#DigiLit Sunday Essentials #ce14 #ccss

sundaydiglit

DigiLit Sunday is a Sunday post on literacy, an invitation by Margaret Simon, to share literacy strategies and tools for the classroom. This week’s list of bloggers: Sunday, October 12, 2014.

DigiLit Sunday  this week is a review of what is essential.  That’s been my focus this weekend as I develop tasks for students that are authentic for readers, writers, and researchers. What does that mean?

essentialquesitonsFortunately, I read in my Kindle App the book Essential Questions.

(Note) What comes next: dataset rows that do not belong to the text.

(* If w' = V - w^2 then (w u^2)' = u'^2 + V u^2 - (u' - w u)^2. *)

lemma riccati_lower_bound:
  fixes u v w V :: "real \<Rightarrow> real"
  assumes b: "0 \<le> b"
    and w: "\<And>t. 0 \<le> t \<Longrightarrow> t \<le> b \<Longrightarrow> (w has_real_derivative V t - (w t)\<^sup>2) (at t)"
    and V: "continuous_on {0..b} V"
    and v: "set_integrable lborel {0..b} v" and v2: "set_integrable lborel {0..b} (\<lambda>x. (v x)\<^sup>2)"
    and u: "\<And>t. 0 \<le> t \<Longrightarrow> t \<le> b \<Longrightarrow> u t = (LINT s:{0..t}|lborel. v s)"
  shows "set_integrable lborel {0..b} (\<lambda>x. (v x)\<^sup>2 + V x * (u x)\<^sup>2)"
    and "w b * (u b)\<^sup>2 \<le> (LINT x:{0..b}|lborel. (v x)\<^sup>2 + V x * (u x)\<^sup>2)"
proof -
  have u_cont: "continuous_on {0..b} u"
    using continuous_on_indefinite_set_integral[OF v] by (rule continuous_on_eq) (simp add: u)
  have w'_cont: "continuous_on {0..b} (\<lambda>t. V t - (w t)\<^sup>2)"
    using w DERIV_isCont by (intro continuous_intros V continuous_at_imp_continuous_on) fastforce
  have u0: "u 0 = 0" using u[of 0] b interval_integral_Icc[of 0 0 v] by simp
  have u2_ftc: "(u t)\<^sup>2 = (u 0)\<^sup>2 + (LINT s:{0..t}|lborel. 2 * u s * v s)" if "0 \<le> t" "t \<le> b" for t
    using that u0 by (subst square_indefinite_set_integral(2)[OF v]) (simp_all add: u)
  have uv_int: "set_integrable lborel {0..b} (\<lambda>s. 2 * u s * v s)"
    using b by (intro square_indefinite_set_integral(1)[OF v]) (simp_all add: u)
  note wu = set_integral_product_rule[OF borel_integrable_atLeastAtMost'[OF w'_cont] uv_int
      FTC_set_integral_Icc[OF w w'_cont] u2_ftc b]
  have "set_integrable lborel {0..b} (\<lambda>x. V x * (u x)\<^sup>2)"
    by (intro borel_integrable_atLeastAtMost' continuous_intros V u_cont)
  then show int: "set_integrable lborel {0..b} (\<lambda>x. (v x)\<^sup>2 + V x * (u x)\<^sup>2)"
    by (rule set_integral_add(1)[OF v2])
  have "w b * (u b)\<^sup>2 = (LINT t:{0..b}|lborel. w t * (2 * u t * v t) + (V t - (w t)\<^sup>2) * (u t)\<^sup>2)"
    using wu(2) u0 by simp
  also have "\<dots> \<le> (LINT x:{0..b}|lborel. (v x)\<^sup>2 + V x * (u x)\<^sup>2)"
  proof (rule set_integral_mono[OF wu(1) int])
    fix t
    show "w t * (2 * u t * v t) + (V t - (w t)\<^sup>2) * (u t)\<^sup>2 \<le> (v t)\<^sup>2 + V t * (u t)\<^sup>2"
      using zero_le_power2[of "v t - w t * u t"] by (simp add: power2_eq_square algebra_simps)
  qed
  finally show "w b * (u b)\<^sup>2 \<le> (LINT x:{0..b}|lborel. (v x)\<^sup>2 + V x * (u x)\<^sup>2)" .
qed

lemma riccati_lower_bound_H1_0:
  assumes H: "H1_0 \<psi> g" and b: "0 \<le> b"
    and w: "\<And>t. 0 \<le> t \<Longrightarrow> t \<le> b \<Longrightarrow> (w has_real_derivative V t - (w t)\<^sup>2) (at t)"
    and V: "continuous_on {0..b} V"
  shows "set_integrable lborel {0..b} (\<lambda>x. (cmod (g x))\<^sup>2 + V x * (cmod (\<psi> x))\<^sup>2)"
    and "w b * (cmod (\<psi> b))\<^sup>2 \<le> (LINT x:{0..b}|lborel. (cmod (g x))\<^sup>2 + V x * (cmod (\<psi> x))\<^sup>2)"
proof -
  note Re_\<psi> = H1_0_component(3)[OF H bounded_linear_Re abs_Re_le_cmod]
  note Im_\<psi> = H1_0_component(3)[OF H bounded_linear_Im abs_Im_le_cmod]
  have Re: "set_integrable lborel {0..b} (\<lambda>x. (Re (g x))\<^sup>2 + V x * (Re (\<psi> x))\<^sup>2)"
    "w b * (Re (\<psi> b))\<^sup>2 \<le> (LINT x:{0..b}|lborel. (Re (g x))\<^sup>2 + V x * (Re (\<psi> x))\<^sup>2)"
    using riccati_lower_bound[OF b w V H1_0_component(1,2)[OF H bounded_linear_Re abs_Re_le_cmod b],
      of "\<lambda>t. Re (\<psi> t)"] Re_\<psi> by auto
  have Im: "set_integrable lborel {0..b} (\<lambda>x. (Im (g x))\<^sup>2 + V x * (Im (\<psi> x))\<^sup>2)"
    "w b * (Im (\<psi> b))\<^sup>2 \<le> (LINT x:{0..b}|lborel. (Im (g x))\<^sup>2 + V x * (Im (\<psi> x))\<^sup>2)"
    using riccati_lower_bound[OF b w V H1_0_component(1,2)[OF H bounded_linear_Im abs_Im_le_cmod b],
      of "\<lambda>t. Im (\<psi> t)"] Im_\<psi> by auto
  have split: "(cmod (g x))\<^sup>2 + V x * (cmod (\<psi> x))\<^sup>2
      = ((Re (g x))\<^sup>2 + V x * (Re (\<psi> x))\<^sup>2) + ((Im (g x))\<^sup>2 + V x * (Im (\<psi> x))\<^sup>2)" for x
    by (simp add: cmod_power2 algebra_simps)
  show "set_integrable lborel {0..b} (\<lambda>x. (cmod (g x))\<^sup>2 + V x * (cmod (\<psi> x))\<^sup>2)"
    unfolding split by (rule set_integral_add(1)[OF Re(1) Im(1)])
  have "w b * (cmod (\<psi> b))\<^sup>2 = w b * (Re (\<psi> b))\<^sup>2 + w b * (Im (\<psi> b))\<^sup>2"
    by (simp add: cmod_power2 algebra_simps)
  also have "\<dots> \<le> (LINT x:{0..b}|lborel. (Re (g x))\<^sup>2 + V x * (Re (\<psi> x))\<^sup>2)
      + (LINT x:{0..b}|lborel. (Im (g x))\<^sup>2 + V x * (Im (\<psi> x))\<^sup>2)"
    using Re(2) Im(2) by (rule add_mono)
  also have "\<dots> = (LINT x:{0..b}|lborel. (cmod (g x))\<^sup>2 + V x * (cmod (\<psi> x))\<^sup>2)"
    unfolding split by (rule set_integral_add(2)[OF Re(1) Im(1), symmetric])
  finally show "w b * (cmod (\<psi> b))\<^sup>2 \<le> (LINT x:{0..b}|lborel. (cmod (g x))\<^sup>2 + V x * (cmod (\<psi> x))\<^sup>2)" .
qed

lemma set_integrable_not_eventually_ge:
  fixes h :: "real \<Rightarrow> real"
  assumes h: "set_integrable lborel {0..} h" and d: "d > 0" and c: "c \<ge> 0"
    and ge: "\<And>x. x \<ge> c \<Longrightarrow> h x \<ge> d"
  shows False
proof -
  define I where "I = (LINT x:{0..}|lborel. \<bar>h x\<bar>)"
  define n where "n = I / d + 1"
  have "I \<ge> 0" unfolding I_def set_lebesgue_integral_def by (rule integral_nonneg_AE) auto
  then have n: "n > 0" unfolding n_def using d by (simp add: add_nonneg_pos)
  have h_sub: "set_integrable lborel {c..c + n} h"
    by (rule set_integrable_subset[OF h]) (use c in auto)
  have "d * n = (LINT x:{c..c + n}|lborel. d)"
    using n by (simp add: set_integral_const)
  also have "\<dots> \<le> (LINT x:{c..c + n}|lborel. h x)"
    using h_sub ge by (intro set_integral_mono) (auto intro: borel_integrable_atLeastAtMost')
  also have "\<dots> \<le> I"
    unfolding I_def set_lebesgue_integral_def
  proof (rule Bochner_Integration.integral_mono)
    show "integrable lborel (\<lambda>x. indicat_real {c..c + n} x *\<^sub>R h x)"
      using h_sub unfolding set_integrable_def .
    show "integrable lborel (\<lambda>x. indicat_real {0..} x *\<^sub>R \<bar>h x\<bar>)"
      using set_integrable_abs[OF h] unfolding set_integrable_def by simp
    show "indicat_real {c..c + n} x *\<^sub>R h x \<le> indicat_real {0..} x *\<^sub>R \<bar>h x\<bar>" for x
      using c by (auto simp: indicator_def)
  qed
  finally have "d * n \<le> I" .
  moreover have "d * n = I + d" unfolding n_def using d by (simp add: field_simps)
  ultimately show False using d by simp
qed

lemma set_integral_nonneg_if_partial_ge:
  fixes F h :: "real \<Rightarrow> real"
  assumes F: "set_integrable lborel {0..} F" and h: "set_integrable lborel {0..} h" and c: "c \<ge> 0"
    and partial: "\<And>b. b \<ge> c \<Longrightarrow> - h b \<le> (LINT x:{0..b}|lborel. F x)"
  shows "(LINT x:{0..}|lborel. F x) \<ge> 0"
proof (rule ccontr)
  define L where "L = (LINT x:{0..}|lborel. F x)"
  assume "\<not> (LINT x:{0..}|lborel. F x) \<ge> 0"
  then have L: "L < 0" unfolding L_def by simp
  have "((\<lambda>b. LINT x:{0..b}|lborel. F x) \<longlongrightarrow> L) at_top"
    unfolding L_def by (rule tendsto_set_lebesgue_integral_at_top[OF _ F]) auto
  then have "\<forall>\<^sub>F b in at_top. (LINT x:{0..b}|lborel. F x) < L / 2"
    by (rule order_tendstoD(2)) (use L in simp)
  then obtain B where B: "\<And>b. b \<ge> B \<Longrightarrow> (LINT x:{0..b}|lborel. F x) < L / 2"
    unfolding eventually_at_top_linorder by blast
  have h_ge: "h b \<ge> - L / 2" if "b \<ge> max B c" for b
    using B[of b] partial[of b] that by simp
  have "max B c \<ge> 0" using c by (simp add: le_max_iff_disj)
  from set_integrable_not_eventually_ge[OF h _ this h_ge] L show False by simp
qed

(* w = \<phi>'/\<phi> for \<phi>(x) = Ai(l x - x0 + e), which solves \<phi>'' = V \<phi> and, thanks to e > 0,
   is positive on [0, \<infinity>). *)

lemma Ai_log_deriv_riccati:
  assumes l: "l > 0" and e: "e > 0" and x: "x \<ge> 0"
  shows "((\<lambda>x. l * Ai' (l * x - x0 + e) / Ai (l * x - x0 + e)) has_real_derivative
      (l ^ 3 * x - l\<^sup>2 * (x0 - e)) - (l * Ai' (l * x - x0 + e) / Ai (l * x - x0 + e))\<^sup>2) (at x)"
proof -
  have "Ai (l * x - x0 + e) \<noteq> 0"
    using l e x by (intro Ai_pos_gt_minus_x0[THEN less_imp_neq, symmetric]) (simp add: add_nonneg_pos)
  then show ?thesis
    by (auto intro!: derivative_eq_intros simp: field_simps power2_eq_square power3_eq_cube)
qed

It’s great review for those of us who focus on projects because, no matter what, it’s student learning that is important. Grant Wiggins also wrote a great post on inquiry, PBL, and UbD — provides this gem:

“And that gradual release idea is the essence of backward design in UbD – and a great place to reflect this weekend. How am I designing the year to make it most likely that students become increasingly autonomous as questioners and arguers (in the Common Core sense) – while still learning and understanding content of value? Viewed this way, there is no dichotomy at all between UbD and inquiry-based pedagogy.”

“How am I designing the year to make it most likely that students become increasingly autonomous as questioners and arguers (in the Common Core sense) – while still learning and understanding content of value?”

If my students are to become independent, they need to have choice in doing the work of readers, writers, and researchers. They now need to develop from our work in previous years their own projects that present their work. They work to be collaborative and authentic.

Essential Questions as overarching and transferable elements of language arts are key. So I looked at the verbs and nouns in the Common Core State Standards for Language Arts and developed a set of questions to start the year — and will add to them as our projects dictate. Because I teach Language Arts, students have some options in content, and so I am releasing some questioning responsibility to students as we follow the Right Question strategy.

I realize that essential questions can be the guiding work of our coarse and also the specific questions of content.  So we consider Essential Questions, and a guiding rubric scale that includes more specific questions and criteria for the language arts content. But what does that mean? If I’m teaching and releasing responsibility, I need even more. The Two Writing Teachers reminded me of writing checklists, so with our new standards, we need new checklists, which I created for each of the essential components that guide our work: collaboration, investigation, content, design, and language. These are our beginning.

And how do we bring this all together for students? A ThingLink:

As we change our task — to choice or teacher driven, we have a basic set of essentials to guide our learning. It’s not perfect yet, but we are moving in the right direction, together.

So, in our work together, students and I are guided by essential questions, focused questions, scales, and checklists. Our work is open in ThingLink [Kidblog for students] and Google Apps.

How do you keep your projects open for students, including the essentials of learning?

2 Comments

on “#DigiLit Sunday Essentials #ce14 #ccss
2 Comments on “#DigiLit Sunday Essentials #ce14 #ccss
  1. My students generate essential questions around theme topics every month or so. Thanks for all these resources – they will help us do a better job!